# Blog

## Archive

Show me a random blog post**2019**

**2018**

**2017**

**2016**

**2015**

**2014**

**2013**

**2012**

## Tags

folding paper folding tube maps london underground platonic solids london rhombicuboctahedron raspberry pi weather station programming python php inline code news royal baby probability game show probability christmas flexagons frobel coins reuleaux polygons countdown football world cup sport stickers tennis braiding craft wool electromagnetic field people maths trigonometry logic propositional calculus twitter mathslogicbot oeis matt parker pac-man graph theory video games games chalkdust magazine menace machine learning javascript martin gardner noughts and crosses reddit national lottery rugby puzzles game of life dragon curves fractals pythagoras geometry triangles european cup dates palindromes christmas card ternary bubble bobble asteroids final fantasy curvature binary arithmetic bodmas statistics error bars estimation accuracy misleading statistics pizza cutting captain scarlet gerry anderson light sound speed manchester science festival manchester dataset a gamut of games hexapawn nine men's morris draughts chess go radio 4 data map projections aperiodical big internet math-off sorting polynomials approximation interpolation chebyshev books cross stitch**2014-04-11**

## Countdown probability, pt. 2

As well as letters games, the contestants on Countdown also take part in numbers games. Six numbers are chosen from the large numbers (25,50,75,100) and small numbers (1-10, two cards for each number) and a total between 101 and 999 (inclusive) is chosen by CECIL. The contestants then use the six numbers, with multiplication, addition, subtraction and division, to get as close to the target number as possible.
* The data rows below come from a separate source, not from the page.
theorem lemma5p2:
  fixes scale :: "'k::field \<Rightarrow> 'v::ab_group_add \<Rightarrow> 'v"
    and B :: "int \<Rightarrow> int \<Rightarrow> 'v set"
    and dh dv :: "int \<Rightarrow> int \<Rightarrow> 'v \<Rightarrow> 'v"
    and D :: "nat \<Rightarrow> 'v set"
    and n :: nat and z :: 'v
  assumes vs: "Vector_Spaces.vector_space scale"
    and sub: "\<And>p q. module.subspace scale (B p q)"
    and dh_maps: "\<And>p q x. x \<in> B p q \<Longrightarrow> dh p q x \<in> B (p + 1) q"
    and dv_maps: "\<And>p q x. x \<in> B p q \<Longrightarrow> dv p q x \<in> B p (q + 1)"
    and dh_add: "\<And>p q x y. x \<in> B p q \<Longrightarrow> y \<in> B p q \<Longrightarrow> dh p q (x + y) = dh p q x + dh p q y"
    and dh_scale: "\<And>p q c x. x \<in> B p q \<Longrightarrow> dh p q (scale c x) = scale c (dh p q x)"
    and dv_add: "\<And>p q x y. x \<in> B p q \<Longrightarrow> y \<in> B p q \<Longrightarrow> dv p q (x + y) = dv p q x + dv p q y"
    and dv_scale: "\<And>p q c x. x \<in> B p q \<Longrightarrow> dv p q (scale c x) = scale c (dv p q x)"
    and dhdh: "\<And>p q x. x \<in> B p q \<Longrightarrow> dh (p + 1) q (dh p q x) = 0"
    and dvdv: "\<And>p q x. x \<in> B p q \<Longrightarrow> dv p (q + 1) (dv p q x) = 0"
    and anti: "\<And>p q x. x \<in> B p q \<Longrightarrow> dh p (q + 1) (dv p q x) + dv (p + 1) q (dh p q x) = 0"
    and supp: "\<And>p q. \<not> (0 \<le> - p \<and> - p \<le> q) \<Longrightarrow> B p q = {0}"
    and bnd: "\<exists>N. \<forall>p q. p < N \<longrightarrow> B p q = {0}"
    and acyc: "\<And>p q x. p + q \<noteq> 0 \<Longrightarrow> x \<in> B p q \<Longrightarrow> dh p q x = 0 \<Longrightarrow>
                 \<exists>y \<in> B (p - 1) q. dh (p - 1) q y = x"
    and D_sub: "\<And>m. module.subspace scale (D m)"
    and D_in: "\<And>m. D m \<subseteq> B (- int m) (int m)"
    and D_int: "\<And>m. D m \<inter> Zh B dh m = {0}"
    and D_span: "\<And>m b. b \<in> B (- int m) (int m) \<Longrightarrow> \<exists>y \<in> Zh B dh m. \<exists>d \<in> D m. b = y + d"
    and z: "z \<in> Zh B dh n"
  shows "is_total_cochain B 0 (beta B dh dv D n z)
       \<and> (\<forall>p. totald dh dv 0 (beta B dh dv D n z) p = 0)
       \<and> (\<forall>p. - int n < p \<longrightarrow> beta B dh dv D n z p = 0)
       \<and> beta B dh dv D n z (- int n) = z"
proof -
  interpret V: vector_space scale
    by (rule vs)
  interpret complemented_bicomplex B dh dv D
    by unfold_locales
      (auto simp: dh_add dv_add dvdv anti D_int
        intro: V.subspace_0[OF sub] V.subspace_diff[OF sub] V.subspace_diff[OF D_sub]
          dh_maps dv_maps acyc D_span D_in[THEN subsetD])
  have zX: "z \<in> X n"
    using z Zh_subset_X by blast
  show ?thesis
    unfolding is_total_cochain_def
    using beta_mem[OF zX] finite_support_beta[OF zX bnd] totald_beta_eq_0[OF z]
      beta_eq_0_above beta_at[of B dh dv D n z 0]
    by auto
qed

end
The best way to win the numbers game is to get the target exactly. This got me wondering: is there a combination of numbers which allows you to get every total between 101 and 999? And which combination of large and small numbers should be picked to give the highest chance of being able to get the target?

To work this out, I got my computer to go through every possible combination of numbers, trying every combination of operations. (I had to leave this running overnight as there are a lot of combinations!)

### Getting every total

There are 61 combinations of numbers which allow every total to be obtained. These include the following (click to see how each total can be made):

- 5 6 8 9 10 100
- 5 6 7 8 10 100
- 4 6 7 8 9 100
- 3 6 7 8 10 100
- 3 5 7 8 9 100
- 2 5 6 8 9 100
- 2 6 7 8 9 100
- 5 6 8 9 75 100
- 3 6 8 10 75 100
- 2 6 9 10 75 100

By contrast, the following combination allows no totals between 101 and 999 to be reached:

- 1 1 2 2 3 3

The number of attainable targets for each set of numbers can be found here.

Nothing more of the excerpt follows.